◆ TASK TO COMPLETE ◆
Search the material below for the word "simp". Copy every line where it is found.

◆ SOURCE DATA ◆

lemma matrix_coeff_W_star_p:
  fixes \<alpha> :: "'g::{countable, group_add} \<Rightarrow> 'x op \<Rightarrow> 'x op"
    and E :: "'g \<Rightarrow> ('g \<times> 'x) op \<Rightarrow> 'x op"
  assumes sf: "sigma_finite_measure M" and p: "0 < p"
    and subalg: "is_subalgebra M p A" and act: "weak_star_cont_isometric_action M p A \<alpha>"
    and E_maps: "\<And>t. \<forall>g\<in>W_star_p M p A \<alpha>. E t g \<in> A"
    and E_cont: "\<And>t. continuous_map (subtopology (weak_star (big_measure M) p) (W_star_p M p A \<alpha>))
                                      (subtopology (weak_star M p) A) (E t)"
    and E_fin: "\<And>t F a. finite F \<Longrightarrow> (\<forall>s\<in>F. a s \<in> A) \<Longrightarrow>
                  op_eq M p (E t (finite_sum_op \<alpha> F a)) (if t \<in> F then a t else op_zero)"
    and g: "g \<in> W_star_p M p A \<alpha>" and x: "x \<in> Lp M p" and y: "y \<in> Lp M (conj_exp p)"
  shows "matrix_coeff (big_measure M) (delta_tensor r x) (delta_tensor t y) g
       = matrix_coeff M x y (\<alpha> (- t) (E (t - r) g))"
proof -
  let ?W = "W_star_p M p A \<alpha>"
  let ?X = "subtopology (weak_star (big_measure M) p) ?W"
  let ?S = "topspace (weak_star (big_measure M) p) \<inter> finite_sums \<alpha> A"
  have \<alpha>_cont: "continuous_map (subtopology (weak_star M p) A) (subtopology (weak_star M p) A) (\<alpha> s)" for s
    using act unfolding weak_star_cont_isometric_action_def by blast
  have S_sub: "?S \<subseteq> ?W"
    unfolding W_star_p_def by (rule closure_of_subset_Int)
  have "?W = weak_star (big_measure M) p closure_of ?S"
    unfolding W_star_p_def by (rule closure_of_restrict)
  with S_sub g have closure: "g \<in> ?X closure_of ?S"
    unfolding closure_of_subtopology by (simp add: Int_absorb1 Int_absorb2)
  have cont_lhs: "continuous_map ?X euclidean (matrix_coeff (big_measure M) (delta_tensor r x) (delta_tensor t y))"
    by (intro continuous_map_from_subtopology continuous_map_matrix_coeff Lp_delta_tensor sf x y)
  have cont_rhs: "continuous_map ?X euclidean (matrix_coeff M x y \<circ> \<alpha> (- t) \<circ> E (t - r))"
    by (intro continuous_map_compose[OF E_cont] continuous_map_compose[OF \<alpha>_cont]
        continuous_map_from_subtopology continuous_map_matrix_coeff x y)
  have "matrix_coeff (big_measure M) (delta_tensor r x) (delta_tensor t y) h
      = (matrix_coeff M x y \<circ> \<alpha> (- t) \<circ> E (t - r)) h" if h_S: "h \<in> ?S" for h
  proof -
    obtain F a where F: "finite F" and aA: "\<forall>s\<in>F. a s \<in> A" and h: "h = finite_sum_op \<alpha> F a"
      using IntD2[OF h_S] unfolding finite_sums_def by blast
    have sum_bounded: "finite_sum_op \<alpha> F a \<in> bounded_ops (big_measure M) p"
      using h_S topspace_weak_star_subset unfolding h by blast
    have "E (t - r) (finite_sum_op \<alpha> F a) \<in> A"
      using h_S S_sub E_maps unfolding h by blast
    from matrix_coeff_finite_sum_op_eq_action[OF sf p subalg act F aA sum_bounded this
        E_fin[OF F aA] x Lp_borel_measurable[OF y]]
    show ?thesis
      by (simp add: h)
  qed
  from forall_in_closure_of_eq[OF closure Hausdorff_space_euclidean cont_lhs cont_rhs this]
  show ?thesis
    by simp
qed
definition var :: "'a \<Rightarrow> ('a, 'k::{zero,one}) mpoly" where
  "var a = Poly_Mapping.single (Poly_Mapping.single a 1) 1"

definition const :: "'k::zero \<Rightarrow> ('a, 'k) mpoly" where
  "const c = Poly_Mapping.single 0 c"

text \<open>act is the R(As)-module structure on M = Fit(S) with b \<cdot> x_a = b \<circ> a.\<close>
definition fit_module_action ::
  "('k::field \<Rightarrow> 'a::ab_group_add \<Rightarrow> 'a) \<Rightarrow> ('a \<Rightarrow> 'a \<Rightarrow> 'a) \<Rightarrow> 'a set \<Rightarrow> 'a set
     \<Rightarrow> ('a \<Rightarrow> ('a, 'k) mpoly \<Rightarrow> 'a) \<Rightarrow> bool" where
  "fit_module_action sc br M As act \<longleftrightarrow>
     (\<forall>b\<in>M. \<forall>p\<in>polys_in As. act b p \<in> M) \<and>
     (\<forall>b\<in>M. \<forall>b'\<in>M. \<forall>p\<in>polys_in As. act (b + b') p = act b p + act b' p) \<and>
     (\<forall>b\<in>M. \<forall>p\<in>polys_in As. \<forall>q\<in>polys_in As. act b (p + q) = act b p + act b q) \<and>
     (\<forall>b\<in>M. \<forall>p\<in>polys_in As. \<forall>q\<in>polys_in As. act b (p * q) = act (act b p) q) \<and>
     (\<forall>b\<in>M. \<forall>c. act b (const c) = sc c b) \<and>
     (\<forall>b\<in>M. \<forall>a\<in>As. act b (var a) = br b a)"

definition torsion_free_action :: "'a::ab_group_add set \<Rightarrow> 'a set \<Rightarrow> ('a \<Rightarrow> ('a, 'k::field) mpoly \<Rightarrow> 'a) \<Rightarrow> bool" where
  "torsion_free_action M As act \<longleftrightarrow>
     (\<forall>b\<in>M. \<forall>p\<in>polys_in As. b \<noteq> 0 \<longrightarrow> p \<noteq> 0 \<longrightarrow> act b p \<noteq> 0)"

◆ ANSWER TO THE EXERCISE ◆
    unfolding closure_of_subtopology by (simp add: Int_absorb1 Int_absorb2)
      by (simp add: h)
    by simp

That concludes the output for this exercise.